Adjust node pools in data-processing clusters

Question

Adjust node pools in data-processing clusters

Opened this issue 4 years ago · 6 comments

The most recent change to etl k8s configs failed to launch pods in staging, because I had set the 8 core node-pool to 0 instances.

Also, in all projects, the utilization is low, because there are more nodes than needed for the requested pods.

All the pools should be updated to use appropriate auto-scaling configs.

Answer 1 · 2021-04-06T20:44:49.000Z

Today I am:
changing sandbox default pool to allow 1 node per zone, and remove zone us-east1-d
changing staging 8 core parser-pool1 to allow 0-2 nodes per zone.
changing staging 4 core parser-pool to allow 0-1 nodes per zone.

Tomorrow, I intend to change prod to set up auto-scaling for parser, default, and gardener pools.

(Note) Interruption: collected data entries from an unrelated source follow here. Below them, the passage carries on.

lemma bounded_linear_Rep_sqmat_entry: "bounded_linear (\<lambda>x::'n::finite sqmat. Rep_sqmat x $ i $ j)"
  using bounded_linear_compose[OF bounded_linear_vec_nth bounded_linear_vec_nth]
  by (rule bounded_linear_compose[OF _ bounded_linear_Rep_sqmat])

instance sqmat :: (finite) banach
proof
  fix X :: "nat \<Rightarrow> 'a sqmat"
  assume "Cauchy X"
  then have "Cauchy (\<lambda>n. Rep_sqmat (X n))"
    by (rule bounded_linear.Cauchy[OF bounded_linear_Rep_sqmat])
  then obtain L where "(\<lambda>n. Rep_sqmat (X n)) \<longlonglongrightarrow> L"
    using Cauchy_convergent convergent_def by blast
  then have "(\<lambda>n. Abs_sqmat (Rep_sqmat (X n))) \<longlonglongrightarrow> Abs_sqmat L"
    by (rule bounded_linear.tendsto[OF bounded_linear_Abs_sqmat])
  then show "convergent X" by (auto simp: Rep_sqmat_inverse convergent_def)
qed

lemma Rep_sqmat_power: "Rep_sqmat (Abs_sqmat Q ^ n) = mat_pow Q n"
  by (induction n) (simp_all add: mat_pow_def Abs_sqmat_inverse power_Suc2 del: power_Suc)

lemma trans_mat_eq_exp: "trans_mat Q t = Rep_sqmat (exp (t *\<^sub>R Abs_sqmat Q))"
proof -
  have "Rep_sqmat (exp (t *\<^sub>R Abs_sqmat Q)) = (\<Sum>n. Rep_sqmat ((t *\<^sub>R Abs_sqmat Q) ^ n /\<^sub>R fact n))"
    unfolding exp_def by (rule bounded_linear.suminf[OF bounded_linear_Rep_sqmat summable_exp_generic])
  then show ?thesis
    by (simp add: trans_mat_def scaleR_power Rep_sqmat_power divide_inverse_commute)
qed

lemma trans_mat_0: "trans_mat Q 0 = mat 1"
  by (simp add: trans_mat_eq_exp)

lemma trans_mat_add: "trans_mat Q (s + t) = trans_mat Q s ** trans_mat Q t"
  by (simp add: trans_mat_eq_exp scaleR_add_left exp_add_commuting)

lemma trans_mat_entry_has_vector_derivative:
  fixes Q :: "real^'n::finite^'n"
  shows "((\<lambda>t. trans_mat Q t $ i $ j) has_vector_derivative (trans_mat Q t ** Q) $ i $ j) (at t within S)"
  using bounded_linear.has_vector_derivative[OF bounded_linear_Rep_sqmat_entry
      exp_scaleR_has_vector_derivative_right[where A="Abs_sqmat Q"]]
  by (simp add: trans_mat_eq_exp Abs_sqmat_inverse)

lemma continuous_on_trans_mat_entry: "continuous_on S (\<lambda>t. trans_mat Q t $ i $ j)"
  using trans_mat_entry_has_vector_derivative has_vector_derivative_continuous
  by (blast intro: continuous_at_imp_continuous_on)

lemma trans_mat_entry_tendsto_at_right_0:
  "((\<lambda>e. trans_mat Q e $ i $ j) \<longlongrightarrow> mat 1 $ i $ j) (at_right 0)"
  using has_vector_derivative_continuous[OF trans_mat_entry_has_vector_derivative[of Q i j 0 "{0<..}"]]
  by (simp add: continuous_within trans_mat_0)

lemma trans_mat_entry_difference_quotient_tendsto:
  "((\<lambda>e. (trans_mat Q e $ i $ j - mat 1 $ i $ j) / e) \<longlongrightarrow> Q $ i $ j) (at_right 0)"
  using trans_mat_entry_has_vector_derivative[of Q i j 0 "{0<..}"]
  by (simp add: has_real_derivative_iff_has_vector_derivative[symmetric] has_field_derivative_iff
      trans_mat_0)

definition generator :: "real^'n^'n::finite \<Rightarrow> bool" where
  "generator Q \<longleftrightarrow> (\<forall>k. Q $ k \<in> E_set k)"

lemma generator_offdiag_nonneg: "generator Q \<Longrightarrow> j \<noteq> k \<Longrightarrow> 0 \<le> Q $ k $ j"
  by (simp add: generator_def E_set_def)

lemma generator_mult_1:
  assumes "generator Q" shows "Q *v 1 = 0"
proof -
  have "(\<Sum>j\<in>UNIV. Q $ k $ j) = Q $ k $ k + (\<Sum>j\<in>UNIV - {k}. Q $ k $ j)" for k
    by (simp add: sum.remove)
  with assms show ?thesis
    by (simp add: generator_def E_set_def matrix_vector_mult_def vec_eq_iff)
qed

lemma mat_pow_mult_1:
  assumes "Q *v 1 = 0" shows "mat_pow Q n *v 1 = (if n = 0 then 1 else 0)"
  by (cases n) (simp_all add: mat_pow_def matrix_vector_mul_assoc[symmetric] assms)

lemma trans_mat_mult_1:
  fixes Q :: "real^'n::finite^'n"
  assumes "generator Q" shows "trans_mat Q t *v 1 = 1"
proof -
  have "linear (\<lambda>A::real^'n^'n. A *v 1)"
    by (rule linearI) (simp_all add: matrix_vector_mult_add_rdistrib scaleR_matrix_vector_assoc)
  then have "bounded_linear (\<lambda>x::'n sqmat. Rep_sqmat x *v 1)"
    by (intro bounded_linear_compose[OF _ bounded_linear_Rep_sqmat])
      (simp add: linear_conv_bounded_linear)
  have "trans_mat Q t *v 1 = (\<Sum>n. Rep_sqmat ((t *\<^sub>R Abs_sqmat Q) ^ n /\<^sub>R fact n) *v 1)"
    unfolding trans_mat_eq_exp exp_def
    by (rule bounded_linear.suminf[OF \<open>bounded_linear _\<close> summable_exp_generic])
  also have "\<dots> = (\<Sum>n. if n = 0 then 1 else 0)"
    by (simp add: scaleR_power Rep_sqmat_power scaleR_matrix_vector_assoc[symmetric] mat_pow_mult_1
        generator_mult_1[OF assms] if_distrib cong: if_cong)
  also have "\<dots> = 1"
    using sums_single[of 0 "\<lambda>_. 1::real^'n"] sums_unique by fastforce
  finally show ?thesis .
qed

lemma exp_scaleR_nonneg_entries:
  fixes B :: "'n::finite sqmat"
  assumes "\<And>k j. 0 \<le> Rep_sqmat B $ k $ j" and "0 \<le> t"
  shows "0 \<le> Rep_sqmat (exp (t *\<^sub>R B)) $ i $ j"
proof -
  have power_nonneg: "0 \<le> Rep_sqmat (B ^ n) $ k $ j" for n k j
    by (induction n arbitrary: j)
      (simp_all add: mat_def power_Suc2 matrix_matrix_mult_def assms(1) sum_nonneg del: power_Suc)
  note entry = bounded_linear.suminf[OF bounded_linear_Rep_sqmat_entry]
    bounded_linear.summable[OF bounded_linear_Rep_sqmat_entry]
  show ?thesis
    unfolding exp_def entry[OF summable_exp_generic]
    by (intro suminf_nonneg entry summable_exp_generic)
      (simp add: scaleR_power power_nonneg assms(2))
qed

lemma trans_mat_nonneg:
  fixes Q :: "real^'n::finite^'n"
  assumes "generator Q" and "0 \<le> t"
  shows "0 \<le> trans_mat Q t $ i $ j"
proof -
  define c where "c = (\<Sum>k\<in>UNIV. \<bar>Q $ k $ k\<bar>)"
  define B where "B = Abs_sqmat Q + c *\<^sub>R 1"
  \<comment> \<open>B is entrywise nonnegative and e^(tQ) = e^(-tc) e^(tB)\<close>
  have "0 \<le> Q $ k $ k + c" for k
    using member_le_sum[of k UNIV "\<lambda>k. \<bar>Q $ k $ k\<bar>"] unfolding c_def by simp
  then have B_nonneg: "0 \<le> Rep_sqmat B $ k $ l" for k l
    using generator_offdiag_nonneg[OF assms(1), of l k]
    by (cases "k = l") (simp_all add: B_def Abs_sqmat_inverse mat_def)
  have "t *\<^sub>R Abs_sqmat Q = t *\<^sub>R B + (- (t * c)) *\<^sub>R 1"
    by (simp add: B_def algebra_simps)
  then have "exp (t *\<^sub>R Abs_sqmat Q) = exp (t *\<^sub>R B) * exp ((- (t * c)) *\<^sub>R 1)"
    by (simp only:) (rule exp_add_commuting, simp)
  also have "exp ((- (t * c)) *\<^sub>R (1 :: 'n sqmat)) = exp (- (t * c)) *\<^sub>R 1"
    using exp_of_real[of "- (t * c)", where 'a="'n sqmat"] by (simp add: of_real_def)
  finally have "trans_mat Q t $ i $ j = exp (- (t * c)) * Rep_sqmat (exp (t *\<^sub>R B)) $ i $ j"
    by (simp add: trans_mat_eq_exp)
  then show ?thesis
    using exp_scaleR_nonneg_entries[OF B_nonneg assms(2)] by simp
qed

lemma trans_mat_row_sum:
  assumes "generator Q" shows "(\<Sum>j\<in>UNIV. trans_mat Q t $ i $ j) = 1"
  using trans_mat_mult_1[OF assms, of t] by (simp add: matrix_vector_mult_def vec_eq_iff)

lemma abs_trans_mat_le_1:
  assumes "generator Q" and "0 \<le> t"
  shows "\<bar>trans_mat Q t $ i $ j\<bar> \<le> 1"
proof -
  have "trans_mat Q t $ i $ j \<le> (\<Sum>j\<in>UNIV. trans_mat Q t $ i $ j)"
    by (rule member_le_sum) (simp_all add: trans_mat_nonneg[OF assms])
  then show ?thesis
    using trans_mat_row_sum[OF assms(1)] trans_mat_nonneg[OF assms] by simp
qed

lemma tendsto_zero_mult_bounded:
  fixes a b :: "'a \<Rightarrow> real"
  assumes "(a \<longlongrightarrow> 0) F" and "\<forall>\<^sub>F x in F. \<bar>b x\<bar> \<le> B"
  shows "((\<lambda>x. a x * b x) \<longlongrightarrow> 0) F"
proof (rule Lim_null_comparison)
  show "\<forall>\<^sub>F x in F. norm (a x * b x) \<le> \<bar>a x\<bar> * B"
    using assms(2) by eventually_elim (simp add: abs_mult mult_left_mono)
  show "((\<lambda>x. \<bar>a x\<bar> * B) \<longlongrightarrow> 0) F"
    using tendsto_mult_left_zero[OF tendsto_rabs_zero[OF assms(1)]] .
qed

lemma set_integral_sum:
  fixes g :: "'i \<Rightarrow> 'a \<Rightarrow> real"
  assumes "finite I" and "\<And>k. k \<in> I \<Longrightarrow> set_integrable M A (g k)"
  shows "(LINT x:A|M. \<Sum>k\<in>I. g k x) = (\<Sum>k\<in>I. LINT x:A|M. g k x)"
  unfolding set_lebesgue_integral_def scaleR_sum_right
  using assms by (intro Bochner_Integration.integral_sum) (auto simp: set_integrable_def)

lemma set_integral_Icc_average_tendsto:
  fixes h :: "real \<Rightarrow> real"
  assumes "continuous_on {0..} h"
  shows "((\<lambda>e. (LBINT t:{0..e}. h t) / e) \<longlongrightarrow> h 0) (at_right 0)"
proof -
  have "continuous_on {0..1} h"
    using assms by (rule continuous_on_subset) auto
  from integral_has_real_derivative[OF this, of 0]
  have "((\<lambda>e. (integral {0..e} h - integral {0..0} h) / (e - 0)) \<longlongrightarrow> h 0) (at_right 0)"
    by (simp add: has_field_derivative_iff at_within_Icc_at_right)
  moreover have "\<forall>\<^sub>F e in at_right 0. (integral {0..e} h - integral {0..0} h) / (e - 0)
      = (LBINT t:{0..e}. h t) / e"
    using eventually_at_right_less
  proof eventually_elim
    case (elim e)
    have "set_integrable lborel {0..e} h"
      unfolding set_integrable_def
      by (rule borel_integrable_compact[OF compact_Icc continuous_on_subset[OF assms]]) auto
    then show ?case by (simp add: set_borel_integral_eq_integral(2))
  qed
  ultimately show ?thesis by (rule Lim_transform_eventually)
qed

lemma set_integral_Icc_tendsto_0:
  fixes h :: "real \<Rightarrow> real"
  assumes "continuous_on {0..} h"
  shows "((\<lambda>e. LBINT t:{0..e}. h t) \<longlongrightarrow> 0) (at_right 0)"
proof -
  have "((\<lambda>e. e * ((LBINT t:{0..e}. h t) / e)) \<longlongrightarrow> 0 * h 0) (at_right 0)"
    by (intro tendsto_mult set_integral_Icc_average_tendsto[OF assms]) (simp add: tendsto_ident_at)
  moreover have "\<forall>\<^sub>F e in at_right 0. e * ((LBINT t:{0..e}. h t) / e) = (LBINT t:{0..e}. h t)"
    using eventually_at_right_less by eventually_elim simp
  ultimately show ?thesis by (simp add: Lim_transform_eventually)
qed
(* Let $n\ge2$ and let $\boldsymbol x^*$ be a pure Nash equilibrium of $\mathcal L(n,S)$. If player $i$ is $\boldsymbol x^*$-balanced, then \[ \rho_i(\boldsymbol x^* )\le\rho_j(\boldsymbol x^* )\quad\text{for all } j\in N. \]
   Context: Network: $(V,E)$ is a finite connected graph with no vertex of degree $2$; each edge $e$ has a length $\lambda(e)>0$. $S$ is the metric measure space obtained by identifying each edge with a segment of length $\lambda(e)$, with length measure $\lambda$ and shortest-path distance $d$. Vertices have their graph degree, and points in the interior of an edge have degree $2$. Location game $\mathcal L(n,S)$ with player set $N=\{1,\dots,n\}$: each player chooses a point of $S$. Consumers are distributed according to $\lambda$, and each shops at a closest occupied location. Consumers equidistant from several closest occupied locations are split equally among those locations, and the share of a location is split equally among the players located there. The payoff $\rho_i(\boldsymbol x)$ is the mass of consumers attracted by player $i$. Nash equilibria are pure. For a profile $\boldsymbol x$ and $w\in S$: if $\operatorname{card}\{i: x_i=w\}=\operatorname{degree}(w)$, then every player located at $w$ is called $\boldsymbol x$-balanced and $w$ is called $\boldsymbol x$-saturated. *)

theory Defs
  imports "HOL-Analysis.Analysis"
begin

text \<open>The graph has vertex set V and edge set E; each edge e has
  endpoints src e and tgt e (an arbitrary orientation, used only for coordinates)
  and length lam e > 0.  A point of S is either a vertex or an interior point of an
  edge e at coordinate r (distance r from src e), with 0 < r < lam e.\<close>

datatype ('v, 'e) pt = Vtx 'v | EPt 'e real

fun walk :: "'e set \<Rightarrow> ('e \<Rightarrow> 'v) \<Rightarrow> ('e \<Rightarrow> 'v) \<Rightarrow> 'v \<Rightarrow> 'e list \<Rightarrow> 'v \<Rightarrow> bool" where
  "walk E src tgt u [] w \<longleftrightarrow> u = w"
| "walk E src tgt u (e # es) w \<longleftrightarrow> e \<in> E \<and>
     ((src e = u \<and> walk E src tgt (tgt e) es w) \<or> (tgt e = u \<and> walk E src tgt (src e) es w))"

definition network :: "'v set \<Rightarrow> 'e set \<Rightarrow> ('e \<Rightarrow> 'v) \<Rightarrow> ('e \<Rightarrow> 'v) \<Rightarrow> ('e \<Rightarrow> real) \<Rightarrow> bool" where
  "network V E src tgt lam \<longleftrightarrow> finite V \<and> finite E \<and> V \<noteq> {} \<and>
     (\<forall>e\<in>E. src e \<in> V \<and> tgt e \<in> V \<and> src e \<noteq> tgt e \<and> lam e > 0) \<and>
     (\<forall>e\<in>E. \<forall>e'\<in>E. {src e, tgt e} = {src e', tgt e'} \<longrightarrow> e = e') \<and>
     (\<forall>u\<in>V. \<forall>w\<in>V. \<exists>es. walk E src tgt u es w)"
(* Let $S_1=\mathbb{R}/2\pi\mathbb{Z}$ and let $u:[0,T)\times S_1\to\mathbb{R}$ be a smooth solution of the Camassa–Holm equation $$\partial_t u-\tfrac14\partial_{txx}u+3\,\partial_x u\,u-\tfrac12\,\partial_{xx}u\,\partial_x u-\tfrac14\,\partial_{xxx}u\,u=0 .$$ On $N=S_1\times\mathbb{R}_{>0}$ with coordinates $(\theta,r)$ and the Euclidean metric in polar coordinates $h=r^2(\mathrm{d}\theta)^2+(\mathrm{d}r)^2$ (i.e. $N\cong\mathbb{R}^2\setminus\{0\}$), define the time-dependent vector field $$v(t,\theta,r)=u(t,\theta)\,\partial_\theta+\tfrac{r}{2}\,\partial_\theta u(t,\theta)\,\partial_r .$$ Then there exists a function $p:[0,T)\times N\to\mathbb{R}$ such that $$\partial_t v+\nabla_v v=-\nabla p,\qquad \operatorname{div}(\rho v)=0,\quad\text{with }\rho(\theta,r)=r^{-4},$$ where $\nabla$ is the Levi-Civita connection of $h$, $\nabla p$ the $h$-gradient, and $\operatorname{div}$ the Euclidean divergence (with respect to the area form $r\,\mathrm{d}r\wedge\mathrm{d}\theta$). Equivalently, $v$ solves the incompressible Euler equation for the density $r^{-4}\,r\,\mathrm{d}r\,\mathrm{d}\theta$.
   Context: Here $\partial_x$ and $\partial_\theta$ both denote differentiation in the angular variable. The flow $\varphi$ of $u$ and the map $\Psi(\theta,r)=r\sqrt{\partial_\theta\varphi(\theta)}\,e^{i\varphi(\theta)}$ are related by $\partial_t\Psi\circ\Psi^{-1}=v$; this is not needed for the statement. *)

theory Defs
  imports "HOL-Analysis.Analysis"
begin

definition pderiv_dir :: "'a::euclidean_space \<Rightarrow> ('a \<Rightarrow> 'b::real_normed_vector) \<Rightarrow> 'a \<Rightarrow> 'b" where
  "pderiv_dir e f = (\<lambda>x. frechet_derivative f (at x) e)"

definition smooth_on :: "'a::euclidean_space set \<Rightarrow> ('a \<Rightarrow> 'b::real_normed_vector) \<Rightarrow> bool" where
  "smooth_on U f \<longleftrightarrow> open U \<and>
     (\<forall>ds. set ds \<subseteq> Basis \<longrightarrow> (\<forall>x\<in>U. foldr pderiv_dir ds f differentiable (at x)))"
(* Let $l_1,l_2,l_3$ be positive integers with $l_1=\min\{l_1,l_2,l_3\}$, $l_2\ge 2$, $l_3\ge 2$, let $G=\Theta(l_1,l_2,l_3)$, and let $L$ be an $m$-assignment for $G$ with $m\ge 3$. Suppose $q$ and $s$ are adjacent vertices of $G$, $x\in L(q)$, $y\in L(s)$, and $x\ne y$. Then there are at least $(m-1)^{l_1+l_2+l_3-5}(m-2)^2$ proper $L$-colorings of $G$ that color $q$ with $x$ and $s$ with $y$.
   Context: For positive integers $l_1,l_2,l_3$, the theta graph $\Theta(l_1,l_2,l_3)$ consists of two end vertices joined by three internally disjoint paths of lengths (numbers of edges) $l_1,l_2,l_3$. An $m$-assignment $L$ for a graph $G$ assigns to each vertex $v$ a set $L(v)$ of exactly $m$ colors; a proper $L$-coloring is a proper vertex coloring $f$ of $G$ with $f(v)\in L(v)$ for every vertex $v$. *)

theory Defs
  imports Main
begin

text \<open>Vertices of the theta graph Theta(l1,l2,l3): the two end vertices and
  the internal vertex at position j (1 <= j <= l_i - 1) of path i (i = 1,2,3).\<close>
datatype tvert = EndA | EndB | Inner nat nat

definition path_len :: "nat \<Rightarrow> nat \<Rightarrow> nat \<Rightarrow> nat \<Rightarrow> nat" where
  "path_len l1 l2 l3 i = (if i = 1 then l1 else if i = 2 then l2 else l3)"

definition tpos :: "nat \<Rightarrow> nat \<Rightarrow> nat \<Rightarrow> nat \<Rightarrow> nat \<Rightarrow> tvert" where
  "tpos l1 l2 l3 i j = (if j = 0 then EndA else if j = path_len l1 l2 l3 i then EndB else Inner i j)"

Answer 2 · 2021-04-06T20:46:19.000Z

removing zone us-east1-d from the default pool in mlab-sandbox made gardener unschedulable, because of persistent volume location. Restored us-east1-d, and adjusted auto-scaling to allow 1-2 per zone.

Later changed to 0-2 per zone

Answer 3 · 2021-04-06T21:02:20.000Z

Subsequently updated mlab-sandbox parser-pool1 to allow 0-2 nodes per zone as well.

Answer 4 · 2021-04-12T17:09:05.000Z

@gfr10598 can you enumerate the steps that are needed before the next gardener release to production?

Answer 5 · 2021-04-21T14:55:25.000Z

I just deleted the mlab-staging parser-pool1 node pool from data-processing cluster. K8S had restarted parsers, and they were instantiated in the wrong node pool. Deleting the pool should prevent this happening again.

Answer 6 · 2021-04-21T15:03:30.000Z

See m-lab/etl#985 related to propagating errors from etl to gardener.